---------- THE INPUT
text \<open>A generalized inverse of C is read off from the projector P onto its column space:
  choosing preimages C b_t = P e_t gives C G = P, and P C = C.\<close>

lemma ginv_exists:
  fixes C :: "real mat"
  assumes C: "C \<in> carrier_mat k k"
  shows "\<exists>G. G \<in> carrier_mat k k \<and> C * G * C = C"
proof -
  obtain P where P: "orth_proj k P (col_space C)" using orth_proj_col_space_exists[OF C] by blast
  have Pc: "P \<in> carrier_mat k k" by (rule orth_proj_carrier[OF P])
  have "\<forall>t. \<exists>b. t < k \<longrightarrow> b \<in> carrier_vec k \<and> P *\<^sub>v unit_vec k t = C *\<^sub>v b"
  proof
    fix t
    have "P *\<^sub>v unit_vec k t \<in> col_space C" using orth_proj_range[OF P] by simp
    thus "\<exists>b. t < k \<longrightarrow> b \<in> carrier_vec k \<and> P *\<^sub>v unit_vec k t = C *\<^sub>v b"
      using C unfolding col_space_def by auto
  qed
  then obtain b where b: "\<And>t. t < k \<Longrightarrow> b t \<in> carrier_vec k \<and> P *\<^sub>v unit_vec k t = C *\<^sub>v b t"
    by metis
  define G where "G = mat k k (\<lambda>(i, t). b t $ i)"
  have Gc: "G \<in> carrier_mat k k" unfolding G_def by simp
  have "C * G = P"
  proof (rule eq_matI)
    fix i t assume "i < dim_row P" "t < dim_col P"
    hence i: "i < k" and t: "t < k" using Pc by auto
    have "col G t = b t" by (rule eq_vecI) (use b[OF t] t in \<open>auto simp: G_def\<close>)
    hence "(C * G) $$ (i, t) = (C *\<^sub>v b t) $ i" using C Gc i t by simp
    also have "\<dots> = (P *\<^sub>v unit_vec k t) $ i" using b[OF t] by simp
    also have "\<dots> = P $$ (i, t)" using Pc i t by simp
    finally show "(C * G) $$ (i, t) = P $$ (i, t)" .
  qed (use C Gc Pc in auto)
  thus ?thesis using orth_proj_col_space_mult[OF P C] Gc by auto
qed

lemma ginv_spec:
  assumes "C \<in> carrier_mat k k"
  shows ginv_carrier: "ginv k C \<in> carrier_mat k k" and ginv_mult: "C * ginv k C * C = C"
  using someI_ex[OF ginv_exists[OF assms]] unfolding ginv_def by auto

lemma ginv_quadratic_form_eq_orth_proj:
  fixes A G Q :: "real mat" and Y :: "real vec"
  assumes A: "A \<in> carrier_mat n k" and Y: "Y \<in> carrier_vec n"
    and Q: "orth_proj n Q (col_space A)" and G: "G \<in> carrier_mat k k"
    and ginv: "transpose_mat A * A * G * (transpose_mat A * A) = transpose_mat A * A"
  shows "(transpose_mat A *\<^sub>v Y) \<bullet> (G *\<^sub>v (transpose_mat A *\<^sub>v Y)) = Y \<bullet> (Q *\<^sub>v Y)"
proof -
  let ?M = "transpose_mat A * A"
  have M: "?M \<in> carrier_mat k k" using A by simp
  have Qc: "Q \<in> carrier_mat n n" by (rule orth_proj_carrier[OF Q])
  obtain b where b: "b \<in> carrier_vec k" and QY: "Q *\<^sub>v Y = A *\<^sub>v b"
    using orth_proj_range[OF Q Y] A unfolding col_space_def by auto
  have Ab: "A *\<^sub>v b \<in> carrier_vec n" using A b by simp
  have Mb: "?M *\<^sub>v b = transpose_mat A *\<^sub>v (A *\<^sub>v b)" using A b by simp
  have normal_eq: "transpose_mat A *\<^sub>v Y = ?M *\<^sub>v b"
  proof (rule eq_vec_if_scalar_prod_eq)
    fix c :: "real vec" assume c: "c \<in> carrier_vec k"
    have Ac: "A *\<^sub>v c \<in> col_space A" using A c by (intro mult_mem_col_space) simp
    have "(transpose_mat A *\<^sub>v Y) \<bullet> c = Y \<bullet> (A *\<^sub>v c)" by (rule transpose_vec_mult_scalar[OF A c Y])
    also have "\<dots> = (Q *\<^sub>v Y) \<bullet> (A *\<^sub>v c)"
      using orth_proj_orth[OF Q Y Ac] A c Qc Y by (simp add: minus_scalar_prod_distrib[of _ n])
    also have "\<dots> = (?M *\<^sub>v b) \<bullet> c" unfolding QY Mb by (rule transpose_vec_mult_scalar[OF A c Ab, symmetric])
    finally show "(transpose_mat A *\<^sub>v Y) \<bullet> c = (?M *\<^sub>v b) \<bullet> c" .
  qed (use A M b Y in auto)
  have Mt: "transpose_mat ?M = ?M" using A by (simp add: transpose_mult[of _ k n])
  have "(?M *\<^sub>v b) \<bullet> (G *\<^sub>v (?M *\<^sub>v b)) = b \<bullet> (?M *\<^sub>v (G *\<^sub>v (?M *\<^sub>v b)))"
    using transpose_vec_mult_scalar[OF M _ b, of "G *\<^sub>v (?M *\<^sub>v b)"] Mt G M b by simp
  also have "?M *\<^sub>v (G *\<^sub>v (?M *\<^sub>v b)) = (?M * G * ?M) *\<^sub>v b"
    by (simp only: assoc_mult_mat_vec[OF mult_carrier_mat[OF M G] M b]
        assoc_mult_mat_vec[OF M G mult_mat_vec_carrier[OF M b]])
  also have "\<dots> = ?M *\<^sub>v b" unfolding ginv ..
  also have "b \<bullet> (?M *\<^sub>v b) = (A *\<^sub>v b) \<bullet> (A *\<^sub>v b)"
    unfolding Mb using comm_scalar_prod[OF b, of "transpose_mat A *\<^sub>v (A *\<^sub>v b)"]
      transpose_vec_mult_scalar[OF A b Ab] A b by simp
  also have "\<dots> = Y \<bullet> (Q *\<^sub>v Y)"
    using orth_proj_orth[OF Q Y orth_proj_range[OF Q Y]] Y Ab unfolding QY
    by (simp add: minus_scalar_prod_distrib[of _ n])
  finally show ?thesis unfolding normal_eq .
qed

lemma orth_proj_compl_idem:
  assumes P: "orth_proj n P W" and W: "subspace_vec n W"
  shows "(1\<^sub>m n - P) * (1\<^sub>m n - P) = 1\<^sub>m n - P"
proof (rule eq_mat_if_mult_vec_eq)
  have Pc: "P \<in> carrier_mat n n" by (rule orth_proj_carrier[OF P])
  have B: "1\<^sub>m n - P \<in> carrier_mat n n" using minus_carrier_mat[OF Pc] by simp
  show "(1\<^sub>m n - P) * (1\<^sub>m n - P) \<in> carrier_mat n n" "1\<^sub>m n - P \<in> carrier_mat n n" using B by auto
  have resid: "(1\<^sub>m n - P) *\<^sub>v w = w - P *\<^sub>v w" if "w \<in> carrier_vec n" for w
    using that Pc by (simp add: minus_mult_distrib_mat_vec[of _ n n])
  fix v :: "real vec" assume v: "v \<in> carrier_vec n"
  have PP: "P *\<^sub>v (P *\<^sub>v v) = P *\<^sub>v v" using orth_proj_fix[OF P W orth_proj_range[OF P v]] .
  have "((1\<^sub>m n - P) * (1\<^sub>m n - P)) *\<^sub>v v = (1\<^sub>m n - P) *\<^sub>v ((1\<^sub>m n - P) *\<^sub>v v)"
    using B v by simp
  also have "\<dots> = (v - P *\<^sub>v v) - (P *\<^sub>v v - P *\<^sub>v (P *\<^sub>v v))"
    using Pc v by (simp add: resid mult_minus_distrib_mat_vec[of _ n n])
  also have "\<dots> = (1\<^sub>m n - P) *\<^sub>v v" unfolding PP resid[OF v] by (rule eq_vecI) (use Pc v in auto)
  finally show "((1\<^sub>m n - P) * (1\<^sub>m n - P)) *\<^sub>v v = (1\<^sub>m n - P) *\<^sub>v v" .
qed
--------------------
ACTION ITEM.
The line with "using B v by simp", the last line of the data above, and every line between them should be duplicated exactly, with nothing else.

EXERCISE SOLUTION.
    using B v by simp
  also have "\<dots> = (v - P *\<^sub>v v) - (P *\<^sub>v v - P *\<^sub>v (P *\<^sub>v v))"
    using Pc v by (simp add: resid mult_minus_distrib_mat_vec[of _ n n])
  also have "\<dots> = (1\<^sub>m n - P) *\<^sub>v v" unfolding PP resid[OF v] by (rule eq_vecI) (use Pc v in auto)
  finally show "((1\<^sub>m n - P) * (1\<^sub>m n - P)) *\<^sub>v v = (1\<^sub>m n - P) *\<^sub>v v" .
qed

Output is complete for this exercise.